Falling to the ground in a heap of defeated despair, pulling her knees tight against her chest, she rocked back and forth, back and forth as her sobs filled the early morning air.

Why… Was… Life… So… Hard…?

Waves of grief shook her. Years of hurt overwhelmed her reason, spilling out upon the unyielding realities of that stone. There was nothing to do but die.

Somewhere in the peripheral of her mind she sensed movement, but her sorrow was too great to stop and listen. But there.

A sound.

A scrape.

Was that a cough?

Her sobs slowed, again a noise.

Fear froze her.  Oh no, what now?

Slowly, hesitantly, as if she could wait away the next disaster, she looked up.

An angel sitting on the stone, that… gargantuan… immovable… uncontrollable mountain of impossibilities.

And the stone was moved.

Just like that.

Is a stone blocking your way to life?  To peace?  To joy?  Have you worn yourself out trying to push it away?  Exhausted your soul trying everything to change your circumstances?  Are you sweaty and angry and defeated and discouraged?  Have you lost hope?

Sit still awhile. Sit at the tomb of your tomorrows and let yourself grieve what might have been.  Should have been.  Cry it all out.
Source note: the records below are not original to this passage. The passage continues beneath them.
lemma compact_usc_uminus: "compact_usc X (\<lambda>w. - u w) v"
  using compact nonempty u_continuous v_usc
  by unfold_locales (auto intro: continuous_intros)

lemma ex_tau_minimizer_ge_superdiff:
  assumes "\<alpha> \<in> superdiff (tau X u v) q"
  shows "\<exists>w. tau_minimizer X u v q w \<and> \<alpha> \<le> u w"
proof -
  interpret reflected: compact_usc X "\<lambda>w. - u w" v
    by (rule compact_usc_uminus)
  have tau_reflected: "tau X (\<lambda>w. - u w) v p = tau X u v (- p)" for p
    by (simp add: tau_def)
  have "- \<alpha> \<in> superdiff (tau X (\<lambda>w. - u w) v) (- q)"
    unfolding superdiff_iff tau_reflected
  proof
    fix y
    show "- q * - \<alpha> - tau X u v (- (- q)) \<le> y * - \<alpha> - tau X u v (- y)"
      using assms unfolding superdiff_iff by (auto dest: spec[of _ "- y"])
  qed
  then obtain w where "tau_minimizer X (\<lambda>w. - u w) v (- q) w" "- u w \<le> - \<alpha>"
    using reflected.ex_tau_minimizer_le_superdiff by blast
  then show ?thesis
    by (auto simp: tau_minimizer_def tau_reflected)
qed

lemma ex_superdiff_if_bounded_slopes:
  assumes "R > 0"
    and slopes: "\<And>q w. R \<le> \<bar>q\<bar> \<Longrightarrow> tau_minimizer X u v q w \<Longrightarrow> q * (u w - \<alpha>) < 0"
  shows "\<exists>q0. \<alpha> \<in> superdiff (tau X u v) q0"
proof -
  define g where "g q = q * \<alpha> - tau X u v q" for q
  obtain w_pos where w_pos: "tau_minimizer X u v R w_pos"
    using ex_tau_minimizer by blast
  have "u w_pos < \<alpha>"
    using slopes[OF _ w_pos] \<open>R > 0\<close> by (simp add: mult_less_0_iff)
  have above: "g R \<le> g y" if "R \<le> y" for y
  proof -
    have "(y - R) * (u w_pos - \<alpha>) \<le> 0"
      using that \<open>u w_pos < \<alpha>\<close> by (simp add: mult_nonneg_nonpos)
    then show ?thesis
      using w_pos tau_le[of w_pos y] by (simp add: g_def tau_minimizer_def algebra_simps)
  qed
  obtain w_neg where w_neg: "tau_minimizer X u v (- R) w_neg"
    using ex_tau_minimizer by blast
  have "\<alpha> < u w_neg"
    using slopes[OF _ w_neg] \<open>R > 0\<close> by (simp add: zero_less_mult_iff)
  have below: "g (- R) \<le> g y" if "y \<le> - R" for y
  proof -
    have "(y + R) * (u w_neg - \<alpha>) \<le> 0"
      using that \<open>\<alpha> < u w_neg\<close> by (simp add: mult_nonpos_nonneg)
    then show ?thesis
      using w_neg tau_le[of w_neg y] by (simp add: g_def tau_minimizer_def algebra_simps)
  qed
  have "continuous_on {- R..R} g"
    unfolding g_def by (intro continuous_intros continuous_on_tau)
  moreover have "{- R..R} \<noteq> {}"
    using \<open>R > 0\<close> by simp
  ultimately obtain q0 where q0: "\<And>y. y \<in> {- R..R} \<Longrightarrow> g q0 \<le> g y"
    using continuous_attains_inf[OF compact_Icc] by blast
  have "g q0 \<le> g y" for y
    using q0[of y] q0[of R] q0[of "- R"] above[of y] below[of y] \<open>R > 0\<close>
    by (cases "y < - R" ; cases "R < y") auto
  then show ?thesis
    unfolding superdiff_iff g_def by blast
qed

lemma ex_far_tau_minimizer:
  assumes "\<And>q. \<alpha> \<notin> superdiff (tau X u v) q"
  shows "\<exists>q w. R \<le> \<bar>q\<bar> \<and> tau_minimizer X u v q w \<and> 0 \<le> q * (u w - \<alpha>)"
proof -
  have "\<exists>q w. max R 1 \<le> \<bar>q\<bar> \<and> tau_minimizer X u v q w \<and> \<not> q * (u w - \<alpha>) < 0"
    using ex_superdiff_if_bounded_slopes[of "max R 1" \<alpha>] assms by force
  then show ?thesis
    by (auto simp: not_less)
qed

lemma concave_conj_le_f_fun_if_no_superdiff:
  assumes conj: "concave_conj (\<lambda>q. ereal (tau X u v q)) \<alpha> = ereal L"
    and no_superdiff: "\<And>q. \<alpha> \<notin> superdiff (tau X u v) q"
  shows "ereal L \<le> f_fun X u v \<alpha>"
proof -
  have L_le: "L \<le> q * \<alpha> - tau X u v q" for q
    using concave_conj_le[of "tau X u v" \<alpha> q] conj by simp
  define C where "C = - tau X u v 0 - L"
  txt \<open>A far minimizer at slope \<open>q\<close> has \<open>L \<le> v w\<close> and \<open>|q| |u w - \<alpha>| \<le> C\<close>; a point where
    the function below is nonnegative lies on the fibre \<open>u = \<alpha>\<close> with \<open>L \<le> v\<close>.\<close>
  have "\<exists>w\<in>topspace X. 0 \<le> min (v w + - L) (- \<bar>u w - \<alpha>\<bar>)"
  proof (rule usc_map_ge_if_approx[OF compact])
    show "usc_map X (\<lambda>w. min (v w + - L) (- \<bar>u w - \<alpha>\<bar>))"
      by (intro usc_map_min usc_map_add v_usc continuous_map_imp_usc_map continuous_intros u_continuous)
  next
    fix e :: real
    assume "e > 0"
    obtain q w where "C / e + 1 \<le> \<bar>q\<bar>" and w: "tau_minimizer X u v q w"
      and slope: "0 \<le> q * (u w - \<alpha>)"
      using ex_far_tau_minimizer[OF no_superdiff] by blast
    then have "C < e * \<bar>q\<bar>"
      using \<open>e > 0\<close> by (simp add: field_simps)
    have v_eq: "v w = (q * \<alpha> - tau X u v q) + q * (u w - \<alpha>)"
      using w by (simp add: tau_minimizer_def algebra_simps)
    then have "L \<le> v w"
      using L_le[of q] slope by linarith
    moreover have "\<bar>u w - \<alpha>\<bar> < e"
    proof -
      have "v w \<le> - tau X u v 0"
        using w tau_le[of w 0] by (simp add: tau_minimizer_def)
      then have "\<bar>u w - \<alpha>\<bar> * \<bar>q\<bar> \<le> C"
        using v_eq L_le[of q] slope by (simp add: C_def abs_mult[symmetric] mult.commute)
      with \<open>C < e * \<bar>q\<bar>\<close> have "\<bar>u w - \<alpha>\<bar> * \<bar>q\<bar> < e * \<bar>q\<bar>"
        by linarith
      then show ?thesis
        by (rule mult_right_less_imp_less) simp
    qed
    ultimately show "\<exists>w\<in>topspace X. 0 - e \<le> min (v w + - L) (- \<bar>u w - \<alpha>\<bar>)"
      using w \<open>e > 0\<close> unfolding tau_minimizer_def by (intro bexI[of _ w]) auto
  qed
  then obtain w where "w \<in> topspace X" "u w = \<alpha>" "L \<le> v w"
    by auto
  then show ?thesis
    using f_fun_ge[of w X v u] by (metis ereal_less_eq(3) order_trans)
qed

lemma concave_conj_le_f_fun:
  assumes "\<And>q. \<alpha> \<in> superdiff (tau X u v) q \<Longrightarrow> ereal (q * \<alpha> - tau X u v q) \<le> f_fun X u v \<alpha>"
  shows "concave_conj (\<lambda>q. ereal (tau X u v q)) \<alpha> \<le> f_fun X u v \<alpha>"
proof (cases "concave_conj (\<lambda>q. ereal (tau X u v q)) \<alpha>" rule: ereal_cases)
  case (real L)
  show ?thesis
  proof (cases "\<exists>q. \<alpha> \<in> superdiff (tau X u v) q")
    case True
    then obtain q where "\<alpha> \<in> superdiff (tau X u v) q"
      by blast
    then have "concave_conj (\<lambda>q. ereal (tau X u v q)) \<alpha> = ereal (q * \<alpha> - tau X u v q)"
      by (simp add: superdiff_iff_concave_conj)
    with assms \<open>\<alpha> \<in> superdiff (tau X u v) q\<close> show ?thesis
      by simp
  next
    case False
    then have "ereal L \<le> f_fun X u v \<alpha>"
      using concave_conj_le_f_fun_if_no_superdiff[OF real] by blast
    then show ?thesis
      using real by simp
  qed
next
  case PInf
  then show ?thesis
    using concave_conj_le[of "tau X u v" \<alpha> 0] by simp
qed simp

lemma superdiff_value_le_f_fun_if_concave:
  assumes "concave_ereal (f_fun X u v)" and "\<alpha> \<in> superdiff (tau X u v) q"
  shows "ereal (q * \<alpha> - tau X u v q) \<le> f_fun X u v \<alpha>"
proof -
  obtain w1 where w1: "tau_minimizer X u v q w1" "u w1 \<le> \<alpha>"
    using ex_tau_minimizer_le_superdiff[OF assms(2)] by blast
  obtain w2 where w2: "tau_minimizer X u v q w2" "\<alpha> \<le> u w2"
    using ex_tau_minimizer_ge_superdiff[OF assms(2)] by blast
  have "ereal (q * u w - tau X u v q) \<le> f_fun X u v (u w)" if "tau_minimizer X u v q w" for w
    using that f_fun_ge[of w X v u] by (simp add: tau_minimizer_def)
  from this[OF w1(1)] this[OF w2(1)] show ?thesis
    using concave_ereal_ge_affine_between[OF assms(1) w1(2) w2(2), of q "- tau X u v q"] by simp
qed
And when you’re done, listen… shhh… quiet… be still…

In the ashes of your grief, in the failure of your fantasies of how life ought to be, sits Jesus. In dazzling white He sits atop that stone… immune to impossibilities… with a different idea of the ideal.

And while you’re there, let Him fill you with His hope and His dreams.  Let Him store those tears away, pack up your past, relinquish your regrets, and give you… a new start, a new life… a renewed hope…

After all, He rolled away that stone.